RBI keeps repo rate unchanged, but keeps door open for future policy action

The central bank expects domestic demand to recover gradually from July-Sept quarter

Reserve Bank of India (RBI) Governor Shaktikanta Das addresses a press conference, at RBI headquarters in Mumbai | PTI Reserve Bank of India (RBI) Governor Shaktikanta Das | PTI

In the last few months, central banks around the world have slashed interest rates as a part of broader monetary stimulus measures to lift economies ravaged by the COVID-19 pandemic. The Reserve Bank of India (RBI), too, had cut the repo rate by 115 basis points since March, as stimulating growth took centerstage. However, with the eyes also on inflation, which has trended above its target band, the RBI on Thursday kept its benchmark rate at which it lends banks unchanged at 4 per cent, even as it flagged that revival of growth would assume primacy.

The reverse repo rate was also left unchanged at 3.35 per cent and the bank rate at 4.25 per cent.

Most economists and market analysts were expecting the central bank to maintain a status quo. “The MPC voted unanimously to leave the policy repo rate unchanged at 4 per cent and continue with the accommodative stance of monetary policy as long as necessary to revive growth, mitigate the impact of COVID-19, while ensuring that inflation remains within the target going forward,” RBI Governor Shaktikanta Das said in his address.

The RBI has targeted consumer inflation to be in the range of 4 per cent, plus or minus 2 per cent.  Headline retail inflation, which was at 5.8 per cent in March, rose to 6.1 per cent in the provisional estimates for June 2020.
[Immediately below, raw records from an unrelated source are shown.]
(* Let $\kappa>0$, let $V:[0,1]\to\mathbb R$ be smooth, and let $\theta:[0,1]\to\mathbb R$ be smooth with $\theta>0$ on $(0,1)$, $\theta(0)=\theta(1)=0$, $\theta'(0)>0$, $\theta'(1)<0$. Let $(\lambda,w,z)$ be the continuous characteristic triple. Then $$w(x)z(x)=\frac1C\,\frac{w^2(x)e^{-2V(x)/\kappa}}{\theta(x)},\qquad x\in(0,1),$$ where $C=\int_0^1\frac{w^2(x)e^{-2V(x)/\kappa}}{\theta(x)}\,dx>0$.
   Context: The continuous characteristic triple $(\lambda,w,z)$ consists of the principal eigenvalue $\lambda$ and positive (on $(0,1)$) principal eigenfunctions of the problems $$-\tfrac\kappa2(\theta z)''-(\theta zV')'=\lambda z\ \text{on }(0,1),\quad \lim_{x\to0,1}\theta(x)z(x)=0,$$ $$-\tfrac\kappa2\theta w''+\theta V'w'=\lambda w\ \text{on }(0,1),\quad w(0)=w(1)=0,$$ normalised by $\int_0^1z\,dx=1$ and $\int_0^1wz\,dx=1$ (these principal eigenpairs exist and are unique up to normalisation). *)

theory Defs
  imports "HOL-Analysis.Analysis"
begin

definition smooth_on_unit :: "(real \<Rightarrow> real) \<Rightarrow> bool" where
  "smooth_on_unit f \<longleftrightarrow>
     (\<exists>D :: nat \<Rightarrow> real \<Rightarrow> real. D 0 = f \<and>
        (\<forall>n. \<forall>x\<in>{0..1}. (D n has_real_derivative D (Suc n) x) (at x within {0..1})))"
According to the MPC, a more favourable food inflation outlook may emerge as the bumper rabi harvest eases prices of cereals, especially if open market sales and public distribution offtake are expanded on the back of significantly higher procurement. Nonetheless, upside risks to food prices remain, he said.
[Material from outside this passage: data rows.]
lemma rel_sum_split_max_target:
  assumes "valid_rels F T gs" "gs \<noteq> []"
  obtains m P Q where "m \<in> rel_target ` set gs" "valid_rels F T P" "\<forall>g\<in>set P. rel_target g = m"
    and "valid_rels F T Q" "\<And>n. rel_sum F f gs n = rel_sum F f P n \<oplus>\<^bsub>F n\<^esub> rel_sum F f Q n"
    and "rel_sum F f gs m = rel_sum F f P m"
    and "\<And>hs. \<forall>h\<in>set hs. rel_target h < m \<Longrightarrow>
      (mset (map rel_target (Q @ hs)), mset (map rel_target gs)) \<in> mult {(a, b). a < b}"
proof -
  obtain m where m: "m \<in> rel_target ` set gs" and m_max: "\<forall>g\<in>set gs. \<not> m < rel_target g"
    using finite_has_maximal[of "rel_target ` set gs"] assms(2) by (auto simp: less_le)
  show ?thesis
  proof (rule that[OF m])
    show "valid_rels F T (filter (\<lambda>g. rel_target g = m) gs)"
      "valid_rels F T (filter (\<lambda>g. rel_target g \<noteq> m) gs)"
      using valid_rels_filter[OF assms(1)] by auto
    show "rel_sum F f gs n = rel_sum F f (filter (\<lambda>g. rel_target g = m) gs) n \<oplus>\<^bsub>F n\<^esub>
        rel_sum F f (filter (\<lambda>g. rel_target g \<noteq> m) gs) n" for n
      by (rule rel_sum_filter[OF assms(1)])
    show "rel_sum F f gs m = rel_sum F f (filter (\<lambda>g. rel_target g = m) gs) m"
      by (rule rel_sum_at_maximal_target[OF assms(1) m_max])
    show "(mset (map rel_target (filter (\<lambda>g. rel_target g \<noteq> m) gs @ hs)), mset (map rel_target gs))
        \<in> mult {(a, b). a < b}" if "\<forall>h\<in>set hs. rel_target h < m" for hs
      by (rule mult_replace_filtered[OF m that])
  qed auto
qed

lemma rel_sum_in_Im_F_if_vanishes_above:
  assumes wf: "wf {(a, b). (a::'p) < b}" and inj: "\<forall>l\<le>i. colim_map_inj R F f l"
  shows "valid_rels F (\<lambda>l. l \<le> i) gs \<Longrightarrow> \<forall>l. k < l \<longrightarrow> rel_sum F f gs l = \<zero>\<^bsub>F l\<^esub> \<Longrightarrow>
    rel_sum F f gs k \<in> Im_F F f k"
  using wf_inv_image[OF wf_mult[OF wf], of "\<lambda>gs. mset (map rel_target gs)"]
proof (induction gs rule: wf_induct_rule)
  case (less gs)
  show ?case
  proof (cases "gs = []")
    case True
    then show ?thesis by (simp add: zero_in_Im_F)
  next
    case False
    obtain m P Q where m: "m \<in> rel_target ` set gs"
      and P: "valid_rels F (\<lambda>l. l \<le> i) P" "\<forall>g\<in>set P. rel_target g = m"
      and Q: "valid_rels F (\<lambda>l. l \<le> i) Q"
      and split: "\<And>n. rel_sum F f gs n = rel_sum F f P n \<oplus>\<^bsub>F n\<^esub> rel_sum F f Q n"
      and gs_m: "rel_sum F f gs m = rel_sum F f P m"
      and decrease: "\<And>hs. \<forall>h\<in>set hs. rel_target h < m \<Longrightarrow>
        (mset (map rel_target (Q @ hs)), mset (map rel_target gs)) \<in> mult {(a, b). a < b}"
      using rel_sum_split_max_target[OF less.prems(1) False] by blast
    have m_le_i: "m \<le> i" using m less.prems(1) by (force dest: valid_rels_memD)
    show ?thesis
    proof (cases "rel_sum F f P m = \<zero>\<^bsub>F m\<^esub>")
      case True
      then obtain hs where hs: "valid_rels F (\<lambda>l. l < m) hs" "rel_sum F f P = rel_sum F f hs"
        using single_target_rel_sum_retarget[OF inj[rule_format, OF m_le_i] P] by blast
      have hs_valid: "valid_rels F (\<lambda>l. l \<le> i) hs"
        by (rule valid_rels_mono[OF hs(1)]) (metis m_le_i less_le_trans less_imp_le)
      have same: "rel_sum F f (Q @ hs) n = rel_sum F f gs n" for n
      proof -
        interpret N: module R "F n" by (rule module_F)
        show ?thesis
          using rel_sum_append[OF Q hs_valid] split hs(2) rel_sum_closed[OF Q] rel_sum_closed[OF hs_valid]
          by (simp add: N.a_comm)
      qed
      have hs_below: "\<forall>h\<in>set hs. rel_target h < m" using hs(1) by (force dest: valid_rels_memD)
      show ?thesis
        using less.IH[of "Q @ hs"] decrease[OF hs_below] same less.prems(2) Q hs_valid by simp
    next
      case False
      consider "k = m" | "k < m" | "\<not> k \<le> m" by (auto simp: less_le)
      then show ?thesis
      proof cases
        case 1
        then show ?thesis using gs_m single_target_rel_sum_in_Im_F[OF P] by simp
      next
        case 2
        with False gs_m less.prems(2) show ?thesis by simp
      next
        case 3
        have P_zero: "rel_sum F f P l = \<zero>\<^bsub>F l\<^esub>" if "k \<le> l" for l
          using 3 that P by (intro rel_sum_single_target_eq_zero) (force dest: valid_rels_memD)+
        have "rel_sum F f Q l = rel_sum F f gs l" if "k \<le> l" for l
        proof -
          interpret N: module R "F l" by (rule module_F)
          show ?thesis using split[of l] P_zero[OF that] rel_sum_closed[OF Q] by simp
        qed
        with less.IH[of Q] decrease[of "[]"] less.prems(2) Q show ?thesis by simp
      qed
    qed
  qed
qed

lemma top_component_in_Im_F:
  assumes "finite J" "J \<subseteq> {k. k \<le> j}" "j \<in> J" "\<forall>k\<in>J. x k \<in> carrier (F k)"
    and "finsum (F j) (\<lambda>k. f k j (x k)) J = \<zero>\<^bsub>F j\<^esub>"
  shows "x j \<in> Im_F F f j"
proof -
  interpret Mj: module R "F j" by (rule module_F)
  let ?L = "J - {j}"
  have L: "finite ?L" "?L \<subseteq> {l. l < j}" "\<forall>l\<in>?L. x l \<in> carrier (F l)"
    using assms(1,2,4) by (auto simp: less_le)
  have L_closed: "(\<lambda>l. f l j (x l)) \<in> ?L \<rightarrow> carrier (F j)" using L map_closed by auto
  have x_j: "x j \<in> carrier (F j)" using assms(3,4) by auto
  have "finsum (F j) (\<lambda>l. f l j (x l)) J = f j j (x j) \<oplus>\<^bsub>F j\<^esub> finsum (F j) (\<lambda>l. f l j (x l)) ?L"
    using Mj.finsum_insert[OF L(1), of j "\<lambda>l. f l j (x l)"] L_closed x_j map_closed[of j j "x j"]
      insert_Diff[OF assms(3)] by simp
  then have "x j \<oplus>\<^bsub>F j\<^esub> finsum (F j) (\<lambda>l. f l j (x l)) ?L = \<zero>\<^bsub>F j\<^esub>"
    using assms(5) map_id[OF x_j] by simp
  then have "x j = \<ominus>\<^bsub>F j\<^esub> finsum (F j) (\<lambda>l. f l j (x l)) ?L"
    using L_closed x_j by (intro Mj.minus_equality[symmetric]) auto
  then show ?thesis using neg_finsum_in_Im_F[OF L] by simp
qed
(* Let $W$ be a set of $n$ workers and $F$ a set of $n$ firms ($n\ge 2$), where each worker $w$ has a strict complete preference order $\succ_w$ over $F$ and each firm $f$ has a strict complete preference order $\succ_f$ over $W$; call this instance $P$. Let $P^*$ be the normal form of $P$ (defined in the context), with normal-form lists $L^*_w\subseteq F$ for each worker and $L^*_f\subseteq W$ for each firm. Then the following three statements are equivalent: (a) $P$ has a unique stable matching. (b) $P^*$ is acyclic, i.e. there do not exist an integer $k$ with $2\le k\le n$, distinct workers $w_1,\dots,w_k$ and distinct firms $f_1,\dots,f_k$ such that, for all $j=1,\dots,k$ (indices modulo $k$), $f_j,f_{j+1}\in L^*_{w_j}$ with $f_{j+1}\succ_{w_j} f_j$, and $w_j,w_{j-1}\in L^*_{f_j}$ with $w_j\succ_{f_j} w_{j-1}$. (c) In $P^*$ every worker's list $L^*_w$ and every firm's list $L^*_f$ consists of exactly one element.
   Context: A matching is a bijection $\mu$ pairing each worker with exactly one firm and each firm with exactly one worker. A worker $w$ and firm $f$ form a blocking pair for $\mu$ if $f\succ_w \mu(w)$ and $w\succ_f\mu(f)$; $\mu$ is stable if it has no blocking pair. Iterated deletion of unattractive alternatives (IDUA) and the normal form: start with lists $L^0_w=F$ for every worker $w$ and $L^0_f=W$ for every firm $f$ (so $f\in L^0_w$ iff $w\in L^0_f$), each list ordered by the participant's original preference. Given lists $L^{k-1}$ (with $f\in L^{k-1}_w$ iff $w\in L^{k-1}_f$), for a worker $w$ and a firm $f\in L^{k-1}_w$ say the pair $(w,f)$ is mutually unattractive at round $k$ if either (i) there is $f'\in L^{k-1}_w$ with $f'\succ_w f$ such that $w$ is the $\succ_{f'}$-most preferred element of $L^{k-1}_{f'}$, or (ii) there is $w'\in L^{k-1}_f$ with $w'\succ_f w$ such that $f$ is the $\succ_{w'}$-most preferred element of $L^{k-1}_{w'}$. Define $L^k_w$ (resp. $L^k_f$) by removing from $L^{k-1}_w$ every $f$ (resp. from $L^{k-1}_f$ every $w$) such that $(w,f)$ is mutually unattractive at round $k$. The normal form $P^*$ is the collection of lists $L^{k^*}$ where $k^*$ is the least $k$ with $L^{k+1}=L^k$; its lists are denoted $L^*_w$, $L^*_f$, each ordered by the original preferences. *)

theory Defs
  imports Main
begin

text \<open>A preference relation r on a set A is given as r x y meaning "x is strictly preferred to y".
  It must be a strict complete (total) order on A.\<close>
definition strict_order_on :: "'a set \<Rightarrow> ('a \<Rightarrow> 'a \<Rightarrow> bool) \<Rightarrow> bool" where
  "strict_order_on A r \<longleftrightarrow>
     (\<forall>x\<in>A. \<not> r x x) \<and>
     (\<forall>x\<in>A. \<forall>y\<in>A. \<forall>z\<in>A. r x y \<longrightarrow> r y z \<longrightarrow> r x z) \<and>
     (\<forall>x\<in>A. \<forall>y\<in>A. x \<noteq> y \<longrightarrow> r x y \<or> r y x)"

text \<open>A matching: bijection mu from workers W onto firms F.  Firm f's partner is the worker w'
  with mu w' = f.\<close>
definition is_matching :: "'w set \<Rightarrow> 'f set \<Rightarrow> ('w \<Rightarrow> 'f) \<Rightarrow> bool" where
  "is_matching W F mu \<longleftrightarrow> bij_betw mu W F"

definition blocking_pair ::
  "'w set \<Rightarrow> 'f set \<Rightarrow> ('w \<Rightarrow> 'f \<Rightarrow> 'f \<Rightarrow> bool) \<Rightarrow> ('f \<Rightarrow> 'w \<Rightarrow> 'w \<Rightarrow> bool)
   \<Rightarrow> ('w \<Rightarrow> 'f) \<Rightarrow> 'w \<Rightarrow> 'f \<Rightarrow> bool" where
  "blocking_pair W F pw pf mu w f \<longleftrightarrow>
     w \<in> W \<and> f \<in> F \<and> pw w f (mu w) \<and>
     (\<exists>w'\<in>W. mu w' = f \<and> pf f w w')"

definition stable_matching ::
  "'w set \<Rightarrow> 'f set \<Rightarrow> ('w \<Rightarrow> 'f \<Rightarrow> 'f \<Rightarrow> bool) \<Rightarrow> ('f \<Rightarrow> 'w \<Rightarrow> 'w \<Rightarrow> bool)
   \<Rightarrow> ('w \<Rightarrow> 'f) \<Rightarrow> bool" where
  "stable_matching W F pw pf mu \<longleftrightarrow>
     is_matching W F mu \<and> (\<forall>w\<in>W. \<forall>f\<in>F. \<not> blocking_pair W F pw pf mu w f)"

text \<open>Unique stable matching: one exists and any two agree on W (matchings are only
  meaningful on W).\<close>
definition unique_stable_matching ::
  "'w set \<Rightarrow> 'f set \<Rightarrow> ('w \<Rightarrow> 'f \<Rightarrow> 'f \<Rightarrow> bool) \<Rightarrow> ('f \<Rightarrow> 'w \<Rightarrow> 'w \<Rightarrow> bool) \<Rightarrow> bool" where
  "unique_stable_matching W F pw pf \<longleftrightarrow>
     (\<exists>mu. stable_matching W F pw pf mu \<and>
        (\<forall>mu'. stable_matching W F pw pf mu' \<longrightarrow> (\<forall>w\<in>W. mu' w = mu w)))"

text \<open>The lists L^k are represented jointly by the set of pairs (w,f) with f \<in> L^k_w
  (equivalently w \<in> L^k_f; the symmetry invariant is built in).\<close>
definition mutually_unattractive ::
  "('w \<Rightarrow> 'f \<Rightarrow> 'f \<Rightarrow> bool) \<Rightarrow> ('f \<Rightarrow> 'w \<Rightarrow> 'w \<Rightarrow> bool) \<Rightarrow> ('w \<times> 'f) set \<Rightarrow> 'w \<Rightarrow> 'f \<Rightarrow> bool" where
  "mutually_unattractive pw pf L w f \<longleftrightarrow>
     (\<exists>f'. (w, f') \<in> L \<and> pw w f' f \<and>
            (\<forall>w''. (w'', f') \<in> L \<and> w'' \<noteq> w \<longrightarrow> pf f' w w'')) \<or>
     (\<exists>w'. (w', f) \<in> L \<and> pf f w' w \<and>
            (\<forall>f''. (w', f'') \<in> L \<and> f'' \<noteq> f \<longrightarrow> pw w' f f''))"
“The abatement of price pressure in key vegetables is delayed and remains contingent upon normalisation of supplies. Protein-based food items could also emerge as a pressure point. Higher domestic taxes on petroleum products have resulted in elevated domestic pump prices and will impart broad-based cost push pressures going forward,” the governor noted.

RBI’s MPC now expects headline inflation to remain elevated in the second quarter, but a likely ease in the second half of the year ending March 2021 is expected, aided by favourable base effect.

On the growth front, rural economic recovery is expected to be “robust” and manufacturing firms, too, expect domestic demand to recover gradually from the July-September quarter. However, consumer confidence seems to have turned more “pessimistic” in July, relative to the preceding round of RBI survey, the central bank pointed out. External demand is also expected to remain anaemic under the weight of global recession and contraction in global trade, it said.

In the current year ending March 2021, the RBI expects India’s real GDP growth will remain in negative territory.

India had been battling an economic slowdown even before the pandemic. Since February 2019, RBI reduced repo rate by as much as 250 basis points. Yet, transmission of interest rates by banks had been an issue.

On Thursday, Das noted that the transmission to bank lending rates had improved further. Compared with the 115 basis points repo rate cut since March this year, the weighted average lending rate on fresh rupee loans declined by 91 basis points during March-June 2020. The spreads of AAA-rated corporate bonds over G-Secs (government securities) of similar maturity also declined from 276 basis points on March 26, 2020 to 50 basis points by the end of July. Even on the lowest investment grade bonds (BBB-), the spreads have come down by 125 basis points, according to the RBI MPC statement.

The MPC noted that “extreme uncertainty” characterises the outlook, which is heavily contingent upon the intensity, spread and duration of the pandemic—particularly the heightened risks associated with a second wave of infections—and the discovery of the vaccine. In this backdrop, reviving the economy would remain important, it said. This suggests a future rate cut is not off the table for now.

“In an environment of unprecedented stress, supporting recovery of the economy assumes primacy in the conduct of monetary policy. While space for further monetary policy action is available, it is important to use it judiciously to maximise the beneficial effects for underlying economic activity. At the same time, the MPC is conscious of its medium term inflation target,” voiced Das.

Most estimates by credit rating agencies, multilateral agencies and investment banks see India’s GDP shrinking by anywhere between 2.5 per cent to 6 per cent.